However just as I was about to email my reply, into my inbox popped another letter from Ms B.

Email Two:
"I already received my reply from Rich Monosson so no need to respond.......thank you !!    Leslie B........:) :) "

Surprised she had gotten her answer elsewhere, I responded with this smiling reply: 

"Leslie,  I can’t believe you trusted someone else to give you the correct answer.  Shockingly, yes, he was right! 

And so were you! 

Does this other gentleman (Rich Monosson) have the same puzzle on his web site or is he simply familiar with the puzzle?

Apparently Leslie didn’t realize I was teasing. I received this scathing reply:

Email Three:
FOR YOUR INFORMATION MR.MONOSSON GAVE IT TO ME.  WHAT IS THE PROBLEM HERE?........ARE YOU NOT SUPPOSED TO HAVE THIS RIDDLE TOO AS THIS IS TOO WEIRD. I DID NOT APPRECIATE GETTING THIS REPRIMAND KIND OF EMAIL WHEN ALL I DID WAS CLICK ON BOTH SITES THROUGH THE WEB TO GET AN ANSWER TO WHAT WAS SEEMINGLY AN INNOCENT GAME. 

I was surprised to see such a negative reaction!  Let's try the 'turn the other cheek' approach.  I sent Leslie another letter. 

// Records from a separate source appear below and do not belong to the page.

lemma sgen_insert_perm_group_cases:
  assumes "finite \<Omega>" and "perm_group \<Omega> G" and "transformation \<Omega> t"
    and "s \<in> sgen (insert t G)"
  shows "s \<in> G \<or> card (s ` \<Omega>) \<le> card (t ` \<Omega>)"
  using assms(4)
proof induction
  case (step x y)
  have "\<forall>a\<in>insert t G. transformation \<Omega> a"
    using assms(2,3) perm_group_transformation by blast
  then have "transformation \<Omega> x" using step.hyps(1) by (rule transformation_sgen)
  show ?case
  proof (cases "x \<in> G \<and> y \<in> G")
    case True
    then show ?thesis using assms(2) by (simp add: perm_group_def)
  next
    case False
    then have "card (x ` \<Omega>) \<le> card (t ` \<Omega>) \<or> card (y ` \<Omega>) \<le> card (t ` \<Omega>)"
      using step.IH by blast
    then show ?thesis
      using card_image_rcomp_le_left[OF assms(1), of x y]
        card_image_rcomp_le_right[OF assms(1) \<open>transformation \<Omega> x\<close>, of y] by linarith
  qed
qed auto

lemma setprod_idempotents_subset_sgen:
  "G \<subseteq> A \<Longrightarrow> setprod (idempotents (sgen A)) G \<subseteq> sgen A"
  unfolding setprod_def idempotents_def by (auto intro: sgen.intros)

lemma mem_setprod_idempotents_iff:
  assumes pg: "perm_group \<Omega> G" and "G \<subseteq> A" and s: "s \<in> sgen A" "transformation \<Omega> s"
  shows "s \<in> setprod (idempotents (sgen A)) G \<longleftrightarrow> (\<exists>h\<in>G. \<forall>y\<in>s ` \<Omega>. s (h y) = y)"
proof
  assume "s \<in> setprod (idempotents (sgen A)) G"
  then obtain e g where s_eq: "s = g \<circ> e" and idem: "e \<circ> e = e" and g: "g \<in> G"
    unfolding setprod_def idempotents_def rcomp_def by blast
  have "s (inv g (s x)) = s x" for x
  proof -
    have e_eq: "inv g (s z) = e z" for z
      using s_eq perm_group_permutes[OF pg g] by (simp add: permutes_inverses)
    have "s (inv g (s x)) = s (e x)" by (simp only: e_eq)
    also have "\<dots> = g (e (e x))" by (simp add: s_eq)
    also have "\<dots> = s x" using idem s_eq by (metis comp_apply)
    finally show ?thesis .
  qed
  then show "\<exists>h\<in>G. \<forall>y\<in>s ` \<Omega>. s (h y) = y"
    using perm_group_inv[OF pg g] by blast
next
  assume "\<exists>h\<in>G. \<forall>y\<in>s ` \<Omega>. s (h y) = y"
  then obtain h where h: "h \<in> G" and fix_image: "\<forall>y\<in>s ` \<Omega>. s (h y) = y" by blast
  have hp: "h permutes \<Omega>" using perm_group_permutes[OF pg h] .
  have "(s \<cdot> h) \<cdot> (s \<cdot> h) = s \<cdot> h"
  proof
    fix x
    show "((s \<cdot> h) \<cdot> (s \<cdot> h)) x = (s \<cdot> h) x"
    proof (cases "x \<in> \<Omega>")
      case True
      then show ?thesis using fix_image by (simp add: rcomp_def)
    next
      case False
      then show ?thesis
        using s(2) hp by (simp add: rcomp_def transformation_def permutes_not_in)
    qed
  qed
  moreover have "s \<cdot> h \<in> sgen A" using h assms(2) by (blast intro: sgen.step[OF s(1)] sgen.base)
  moreover have "s = (s \<cdot> h) \<cdot> inv h"
    using hp by (simp add: rcomp_def fun_eq_iff permutes_inverses)
  ultimately show "s \<in> setprod (idempotents (sgen A)) G"
    unfolding setprod_def idempotents_def using perm_group_inv[OF pg h] by blast
qed

subsection \<open>Rank 2 transformations and cuts\<close>

lemma fixes_image_if_card_le_1:
  assumes "finite \<Omega>" and "transformation \<Omega> s" and "card (s ` \<Omega>) \<le> 1" and "y \<in> s ` \<Omega>"
  shows "s y = y"
proof -
  have "y \<in> \<Omega>" using assms(2,4) unfolding transformation_def by blast
  then have "s y \<in> s ` \<Omega>" by blast
  moreover have "\<forall>u\<in>s ` \<Omega>. \<forall>v\<in>s ` \<Omega>. u = v"
    using assms(1,3) by (metis One_nat_def card_le_Suc0_iff_eq finite_imageI)
  ultimately show ?thesis using assms(4) by blast
qed

lemma exists_perm_fixing_image_if_card_le_2:
  assumes fin: "finite \<Omega>" and pg: "perm_group \<Omega> G" and cuts: "crosses_all_cuts \<Omega> G"
    and s: "transformation \<Omega> s" and rank: "card (s ` \<Omega>) \<le> 2"
  shows "\<exists>h\<in>G. \<forall>y\<in>s ` \<Omega>. s (h y) = y"
proof (cases "card (s ` \<Omega>) \<le> 1")
  case True
  then have "\<forall>y\<in>s ` \<Omega>. s (id y) = y" using fixes_image_if_card_le_1[OF fin s] by (metis id_apply)
  then show ?thesis using perm_group_id[OF pg] by blast
next
  case False
  with rank have "card (s ` \<Omega>) = 2" by simp
  then obtain a b where ab: "s ` \<Omega> = {a, b}" "a \<noteq> b" by (meson card_2_iff)
  moreover have "s ` \<Omega> \<subseteq> \<Omega>" using s by (simp add: transformation_def)
  ultimately have ab_in: "a \<in> \<Omega>" "b \<in> \<Omega>" by auto
  obtain c d where cd: "c \<in> \<Omega>" "s c = a" "d \<in> \<Omega>" "s d = b"
    using ab(1) by (metis imageE insertI1 insertI2)
  define C where "C = {x \<in> \<Omega>. s x = a}"
  have "c \<in> C" "d \<notin> C" using cd ab(2) unfolding C_def by auto
  moreover have "C \<subseteq> \<Omega>" unfolding C_def by blast
  ultimately have "C \<subseteq> \<Omega>" "C \<noteq> {}" "C \<noteq> \<Omega>" using cd(3) by blast+
  then obtain h where h: "h \<in> G" "h a \<in> C" "h b \<notin> C"
    using cuts[unfolded crosses_all_cuts_def, rule_format, OF ab_in ab(2)] by blast
  have "h b \<in> \<Omega>" using perm_group_permutes[OF pg h(1)] ab_in by (simp add: permutes_in_image)
  then have "s (h b) \<in> {a, b}" using ab(1) by blast
  then have "s (h a) = a" "s (h b) = b" using h(2,3) \<open>h b \<in> \<Omega>\<close> unfolding C_def by auto
  then show ?thesis using h(1) unfolding ab(1) by blast
qed

lemma factorizable_if_crosses_all_cuts:
  assumes fin: "finite \<Omega>" and pg: "perm_group \<Omega> G" and cuts: "crosses_all_cuts \<Omega> G"
    and t: "transformation \<Omega> t" and rank: "rank_on \<Omega> t \<le> 2"
  shows "sgen (insert t G) = setprod (idempotents (sgen (insert t G))) G"
proof
  show "setprod (idempotents (sgen (insert t G))) G \<subseteq> sgen (insert t G)"
    by (rule setprod_idempotents_subset_sgen) blast
next
  show "sgen (insert t G) \<subseteq> setprod (idempotents (sgen (insert t G))) G"
  proof
    fix s assume s_in: "s \<in> sgen (insert t G)"
    have "\<forall>a\<in>insert t G. transformation \<Omega> a"
      using pg t perm_group_transformation by blast
    then have s: "transformation \<Omega> s" using s_in by (rule transformation_sgen)
    have "\<exists>h\<in>G. \<forall>y\<in>s ` \<Omega>. s (h y) = y"
    proof (cases "s \<in> G")
      case True
      have "\<forall>y. s (inv s y) = y"
        using perm_group_permutes[OF pg True] by (simp add: permutes_inverses)
      then show ?thesis using perm_group_inv[OF pg True] by blast
    next
      case False
      then have "card (s ` \<Omega>) \<le> 2"
        using sgen_insert_perm_group_cases[OF fin pg t s_in] rank by (simp add: rank_on_def)
      then show ?thesis by (rule exists_perm_fixing_image_if_card_le_2[OF fin pg cuts s])
    qed
    then show "s \<in> setprod (idempotents (sgen (insert t G))) G"
      using mem_setprod_idempotents_iff[OF pg _ s_in s] by blast
  qed
qed

lemma crosses_all_cuts_if_factorizable:
  assumes pg: "perm_group \<Omega> G"
    and factorizable: "\<forall>t. transformation \<Omega> t \<and> rank_on \<Omega> t = 2 \<longrightarrow>
            sgen (insert t G) = setprod (idempotents (sgen (insert t G))) G"
  shows "crosses_all_cuts \<Omega> G"
  unfolding crosses_all_cuts_def
proof (intro ballI impI allI)
  fix a b C assume ab: "a \<in> \<Omega>" "b \<in> \<Omega>" "a \<noteq> b" and C: "C \<subseteq> \<Omega>" "C \<noteq> {}" "C \<noteq> \<Omega>"
  define t where "t x = (if x \<in> C then a else if x \<in> \<Omega> then b else x)" for x
  have t: "transformation \<Omega> t" using ab C unfolding transformation_def t_def by auto
  have image_t: "t ` \<Omega> = {a, b}" using C unfolding t_def by auto
  then have "rank_on \<Omega> t = 2" using ab(3) by (simp add: rank_on_def)
  then have "t \<in> setprod (idempotents (sgen (insert t G))) G"
    using factorizable t sgen.base[of t "insert t G"] by auto
  then obtain h where h: "h \<in> G" "t (h a) = a" "t (h b) = b"
    using mem_setprod_idempotents_iff[OF pg _ sgen.base t, of "insert t G"] image_t by auto
  have "h a \<in> \<Omega>" using perm_group_permutes[OF pg h(1)] ab(1) by (simp add: permutes_in_image)
  then show "\<exists>h\<in>G. h a \<in> C \<and> h b \<notin> C"
    using h ab(3) unfolding t_def by (auto split: if_splits)
qed

subsection \<open>Primitivity and cuts\<close>

lemma crosses_all_cuts_imp_primitive:
  assumes pg: "perm_group \<Omega> G" and cuts: "crosses_all_cuts \<Omega> G"
  shows "primitive \<Omega> G"
  unfolding primitive_def
proof (intro conjI allI impI)
  show "transitive_on \<Omega> G"
    unfolding transitive_on_def
  proof (intro ballI, rule ccontr)
    fix x y assume xy: "x \<in> \<Omega>" "y \<in> \<Omega>" and not_reached: "\<not> (\<exists>g\<in>G. g x = y)"
    define C where "C = \<Omega> - {g x | g. g \<in> G}"
    have "x = id x" by simp
    then have "x \<notin> C" using perm_group_id[OF pg] unfolding C_def by blast
    moreover have "y \<in> C" using xy(2) not_reached unfolding C_def by blast
    moreover have "C \<subseteq> \<Omega>" unfolding C_def by blast
    ultimately obtain h where "h \<in> G" "h x \<in> C"
      using cuts xy unfolding crosses_all_cuts_def by (metis empty_iff)
    then show False unfolding C_def by blast
  qed
next
  fix B assume B: "is_block \<Omega> G B"
  show "card B \<le> 1 \<or> B = \<Omega>"
  proof (rule ccontr)
    assume "\<not> (card B \<le> 1 \<or> B = \<Omega>)"
    then have "\<not> card B \<le> Suc 0" "B \<noteq> \<Omega>" by simp_all
    moreover have "B \<subseteq> \<Omega>" using B by (simp add: is_block_def)
    ultimately obtain a b where ab: "a \<in> B" "b \<in> B" "a \<noteq> b"
      using card_le_Suc0_iff_eq[of B] card.infinite by force
    obtain h where h: "h \<in> G" "h a \<in> B" "h b \<notin> B"
      using cuts ab \<open>B \<subseteq> \<Omega>\<close> \<open>B \<noteq> \<Omega>\<close> unfolding crosses_all_cuts_def by blast
    then have "h ` B = B" using B ab(1) unfolding is_block_def by blast
    then show False using h(3) ab(2) by blast
  qed
qed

Bless your heart, Leslie, don’t worry about it. This puzzle has no copyright that I know of and it is definitely not mine!  

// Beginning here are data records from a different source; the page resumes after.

lemma gamma_t_G: "gamma_t (G m) = 2 * m"
proof (rule antisym)
  show "gamma_t (G m) \<le> 2 * m"
    using gamma_t_le_card[OF total_dominating_G, of m]
    by (simp add: card_cartesian_product mult_2)
  obtain S where "total_dominating (G m) S" "finite S" "card S = gamma_t (G m)"
    by (rule gamma_t_attained[OF total_dominating_G]) simp
  then show "2 * m \<le> gamma_t (G m)" using card_total_dominating_G_ge by metis
qed

lemma dominator_in_G_product:
  assumes "total_dominating (cart_prod (G k) (G n)) S"
    and "x \<in> {0,1,2}" "i \<in> {1..k}" "y \<in> {0,1,2}" "j \<in> {1..n}"
  obtains x' i' y' j' where "((x',i'),(y',j')) \<in> S"
    and "adj (cart_prod (G k) (G n)) ((x,i),(y,j)) ((x',i'),(y',j'))"
proof -
  have "((x,i),(y,j)) \<in> verts (cart_prod (G k) (G n))" using assms by simp
  then obtain u where "u \<in> S" "adj (cart_prod (G k) (G n)) ((x,i),(y,j)) u"
    using assms(1) unfolding total_dominating_def by blast
  then show ?thesis using that by (metis prod.exhaust)
qed

definition block :: "nat \<Rightarrow> nat \<Rightarrow> ((nat \<times> nat) \<times> (nat \<times> nat)) set" where
  "block i j = ({0,1,2} \<times> {i}) \<times> ({0,1,2} \<times> {j})"

(* the dominators of (c_i,c_j), (b_i,c_j) and (c_i,b_j) *)
lemma block_dominators:
  assumes "total_dominating (cart_prod (G k) (G n)) S" "i \<in> {1..k}" "j \<in> {1..n}"
  shows "((1,i),(2,j)) \<in> S \<or> ((2,i),(1,j)) \<in> S"
    and "((0,i),(2,j)) \<in> S \<or> ((2,i),(2,j)) \<in> S \<or> ((1,i),(1,j)) \<in> S"
    and "((1,i),(1,j)) \<in> S \<or> ((2,i),(0,j)) \<in> S \<or> ((2,i),(2,j)) \<in> S"
proof -
  show "((1,i),(2,j)) \<in> S \<or> ((2,i),(1,j)) \<in> S"
    by (rule dominator_in_G_product[OF assms(1) _ assms(2) _ assms(3), of 2 2]) auto
  show "((0,i),(2,j)) \<in> S \<or> ((2,i),(2,j)) \<in> S \<or> ((1,i),(1,j)) \<in> S"
    by (rule dominator_in_G_product[OF assms(1) _ assms(2) _ assms(3), of 1 2]) auto
  show "((1,i),(1,j)) \<in> S \<or> ((2,i),(0,j)) \<in> S \<or> ((2,i),(2,j)) \<in> S"
    by (rule dominator_in_G_product[OF assms(1) _ assms(2) _ assms(3), of 2 1]) auto
qed

lemma two_le_card_block:
  assumes "total_dominating (cart_prod (G k) (G n)) S" "finite S" "i \<in> {1..k}" "j \<in> {1..n}"
  shows "2 \<le> card (S \<inter> block i j)"
proof -
  obtain u where u: "u \<in> S" "u \<in> {((1,i),(2,j)), ((2,i),(1,j))}"
    using block_dominators(1)[OF assms(1,3,4)] by blast
  obtain v where v: "v \<in> S" "v \<in> {((0,i),(2,j)), ((2,i),(2,j)), ((1,i),(1,j))}"
    using block_dominators(2)[OF assms(1,3,4)] by blast
  show ?thesis by (rule two_le_card[of _ u v]) (use assms(2) u v in \<open>auto simp: block_def\<close>)
qed
lemma islimpt_range_two_sided_limits:
  fixes u :: "int \<Rightarrow> 'a::metric_space"
  assumes "(u \<longlongrightarrow> a) at_bot" and "(u \<longlongrightarrow> b) at_top" and "z islimpt range u"
  shows "z = a \<or> z = b"
proof (rule ccontr)
  assume "\<not> (z = a \<or> z = b)"
  define r where "r = min (dist z a) (dist z b) / 2"
  have "r > 0"
    using \<open>\<not> (z = a \<or> z = b)\<close> by (simp add: r_def)
  have "range u \<inter> ball z r \<subseteq> u ` {n. \<not> dist (u n) a < r \<and> \<not> dist (u n) b < r}"
  proof
    fix y
    assume "y \<in> range u \<inter> ball z r"
    then obtain n where "y = u n" and "dist z (u n) < r"
      by auto
    moreover have "dist z a \<le> dist z (u n) + dist (u n) a" and "dist z b \<le> dist z (u n) + dist (u n) b"
      by (fact dist_triangle)+
    ultimately show "y \<in> u ` {n. \<not> dist (u n) a < r \<and> \<not> dist (u n) b < r}"
      by (auto simp: r_def)
  qed
  moreover have "finite {n. \<not> dist (u n) a < r \<and> \<not> dist (u n) b < r}"
    using assms(1,2) \<open>r > 0\<close> by (intro finite_if_eventually_at_bot_at_top) (auto dest: tendstoD)
  ultimately have "finite (range u \<inter> ball z r)"
    using finite_subset by blast
  with assms(3) \<open>r > 0\<close> show False
    by (auto simp: islimpt_eq_infinite_ball)
qed

lemma strict_mono_shifted_dist_ge:
  fixes u :: "int \<Rightarrow> real"
  assumes "strict_mono u" and "a \<noteq> b"
  shows "\<exists>n. u 1 - u 0 \<le> dist (u (a + n)) (u (b + n))"
proof -
  have "u 1 - u 0 \<le> dist (u (a + (- min a b))) (u (b + (- min a b)))"
    using assms strict_mono_less_eq[OF assms(1), of 1 "\<bar>a - b\<bar>"]
    by (cases "a < b") (auto simp: dist_real_def min_def)
  then show ?thesis ..
qed

lemma continuous_at_fixpoint_of_rightward:
  fixes F :: "real \<Rightarrow> real"
  assumes "\<forall>x\<in>X. x \<le> F x" and "F c = c"
    and "\<And>e. e > 0 \<Longrightarrow> \<exists>p>c. \<forall>y\<in>X. y < p \<longrightarrow> F y < c + e"
  shows "continuous (at c within X) F"
  unfolding continuous_within_eps_delta
proof (intro allI impI)
  fix e :: real
  assume "e > 0"
  then obtain p where "p > c" and p: "\<forall>y\<in>X. y < p \<longrightarrow> F y < c + e"
    using assms(3) by blast
  have "\<forall>y\<in>X. dist y c < min (p - c) e \<longrightarrow> dist (F y) (F c) < e"
    using assms(1,2) p by (force simp: dist_real_def)
  then show "\<exists>d>0. \<forall>y\<in>X. dist y c < d \<longrightarrow> dist (F y) (F c) < e"
    using \<open>p > c\<close> \<open>e > 0\<close> by (intro exI[of _ "min (p - c) e"]) auto
qed

lemma asymptotic_pseudo_orbit_eventually_one_side:
  fixes F :: "real \<Rightarrow> real" and xs :: "nat \<Rightarrow> real"
  assumes "closed X" and "c \<notin> X" and "\<forall>x\<in>X. x \<le> F x" and "\<forall>i. xs i \<in> X"
    and "(\<lambda>i. dist (F (xs i)) (xs (Suc i))) \<longlonglongrightarrow> 0"
  shows "eventually (\<lambda>i. c < xs i) sequentially \<or> eventually (\<lambda>i. xs i < c) sequentially"
proof -
  obtain \<eta> where "\<eta> > 0" and gap: "ball c \<eta> \<inter> X = {}"
    using assms(1,2) by (metis open_contains_ball_eq open_Compl Int_emptyI ComplI subsetD ComplD)
  have far: "\<eta> \<le> \<bar>xs i - c\<bar>" for i
  proof -
    have "xs i \<notin> ball c \<eta>"
      using gap assms(4) by blast
    then show ?thesis
      by (simp add: dist_real_def)
  qed
  obtain N where N: "\<forall>i\<ge>N. dist (F (xs i)) (xs (Suc i)) < \<eta>"
    using order_tendstoD(2)[OF assms(5) \<open>\<eta> > 0\<close>] by (auto simp: eventually_sequentially)
  show ?thesis
  proof (cases "\<exists>i\<ge>N. c < xs i")
    case True
    then obtain i0 where "i0 \<ge> N" and "c < xs i0"
      by blast
    have "c < xs j" if "i0 \<le> j" for j
      using that
    proof (induction j rule: dec_induct)
      case base
      show ?case by (fact \<open>c < xs i0\<close>)
    next
      case (step j)
      \<comment> \<open>Being on the right of the gap, \<open>xs j \<ge> c + \<eta>\<close>; one step loses less than \<open>\<eta>\<close>.\<close>
      have "c + \<eta> \<le> xs j"
        using far[of j] step.IH by linarith
      moreover have "dist (F (xs j)) (xs (Suc j)) < \<eta>"
        using N step.hyps \<open>i0 \<ge> N\<close> by simp
      moreover have "xs j \<le> F (xs j)"
        using assms(3,4) by blast
      ultimately show ?case
        by (simp add: dist_real_def)
    qed
    then show ?thesis
      by (auto simp: eventually_sequentially)
  next
    case False
    then have "\<forall>i\<ge>N. xs i < c"
      using far \<open>\<eta> > 0\<close> by (metis abs_0 diff_self linorder_neqE_linordered_idom not_le)
    then show ?thesis
      by (auto simp: eventually_sequentially)
  qed
qed

lemma eventually_gt_if_subseq_limit_gt:
  fixes xs :: "nat \<Rightarrow> real"
  assumes "eventually (\<lambda>i. c < xs i) sequentially \<or> eventually (\<lambda>i. xs i < c) sequentially"
    and "strict_mono r" and "(xs \<circ> r) \<longlonglongrightarrow> L" and "c < L"
  shows "eventually (\<lambda>i. c < xs i) sequentially"
proof -
  have "\<not> eventually (\<lambda>i. xs i < c) sequentially"
  proof
    assume "eventually (\<lambda>i. xs i < c) sequentially"
    then have "eventually (\<lambda>k. xs (r k) < c) sequentially"
      using eventually_subseq[OF assms(2)] by blast
    moreover have "eventually (\<lambda>k. c < xs (r k)) sequentially"
      using order_tendstoD(1)[OF assms(3,4)] by (simp add: o_def)
    ultimately have "eventually (\<lambda>k. False) sequentially"
      by eventually_elim auto
    then show False
      by simp
  qed
  with assms(1) show ?thesis
    by blast
qed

I worked it just like you did – someone emailed it to me and I was fascinated. The moment I was done I couldn’t wait for someone to tell me my answer was right. 

I added it to my web site because it was interesting. I expected only my students at the dance studio to work it, but somehow my web site got into international distribution as a place to go for the Einstein puzzle. Beats me how it happened!!  I get emails from Singapore, England, Canada, Trinidad, etc, as well as different USA cities. 99% of them require a one-sentence reply along the lines of “Yes, that is correct, blah blah blah owns the fish, nice work!”

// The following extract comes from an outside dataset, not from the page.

(* In the setting below with $\Phi_\lambda=\Phi_{+,\lambda}$, let $x^*\in\mathbb R^n$ with $\Theta(x^* )<\infty$, let $J_*:=\{i\in[r]:(Bx^*-b)_i\ne0\}$ and $\bar J_*:=[r]\setminus J_*$, and consider the convex program $$(\mathrm P_+)\qquad \min_x\ \Theta(x)\quad\text{s.t.}\quad (Bx-b)_{\bar J_*}\le0.$$ Then: (i) $x^*$ is a stationary point of (P) if and only if it is a KKT point of $(\mathrm P_+)$; (ii) $x^*$ is a local minimizer of $F$ if and only if it is a global minimizer of $(\mathrm P_+)$.
   Context: Let $f:\mathbb R^n\to(-\infty,\infty]$, $g:\mathbb R^m\to(-\infty,\infty]$ be proper, lsc and convex; $A\in\mathbb R^{m\times n}$, $B\in\mathbb R^{r\times n}$, $b\in\mathbb R^r$, $\lambda\in\mathbb R^r$, $\lambda>0$. $\Theta(x)=f(x)+g(Ax)$, $\Phi_{+,\lambda}(u)=\sum_{i=1}^r\lambda_i\mathbf 1_{\{u_i>0\}}$, and problem (P) is $\min_x F(x)=\Theta(x)+\Phi_{+,\lambda}(Bx-b)$. $\partial$ denotes the limiting (Mordukhovich) subdifferential (the usual convex subdifferential for convex functions); in particular $\partial\Phi_{+,\lambda}(u)=\{z\in\mathbb R^r: z_i\in\mathbb R_+\text{ if }u_i=0,\ z_i=0\text{ otherwise}\}$. A point $x^*$ is a stationary point of (P) if $0\in\partial f(x^* )+A^\top\partial g(Ax^* )+B^\top\partial\Phi_{+,\lambda}(Bx^*-b)$. A point $x$ is a KKT point of $(\mathrm P_+)$ if there exists $\zeta\in\mathbb R^{|\bar J_*|}_+$ with $0\in\partial f(x)+A^\top\partial g(Ax)+B_{\bar J_*:}^\top\zeta$ and $0\le\zeta\perp(Bx-b)_{\bar J_*}\le0$, where $B_{\bar J_*:}$ is the submatrix of rows of $B$ indexed by $\bar J_*$ and $u_{\bar J_*}$ the corresponding subvector. *)

theory Defs
  imports "HOL-Analysis.Analysis"
begin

Yours is one of the rare exceptions that actually allowed me to communicate with someone due to the odd “dual” reply. Mr. Monosson did absolutely nothing wrong. He was just trying to be helpful as was I.

I received this reply: 

Email Four:
I was just puzzled as I would also hate to think that someone else had your puzzle and was not supposed to so this is why I wanted to know from HIM if he is plagiarizing or not.    If this riddle was for your site only (was going to use a pun and say FOR YOUR EYES ONLY but decided against it).   Have a good day..........and thanks man......Leslie B.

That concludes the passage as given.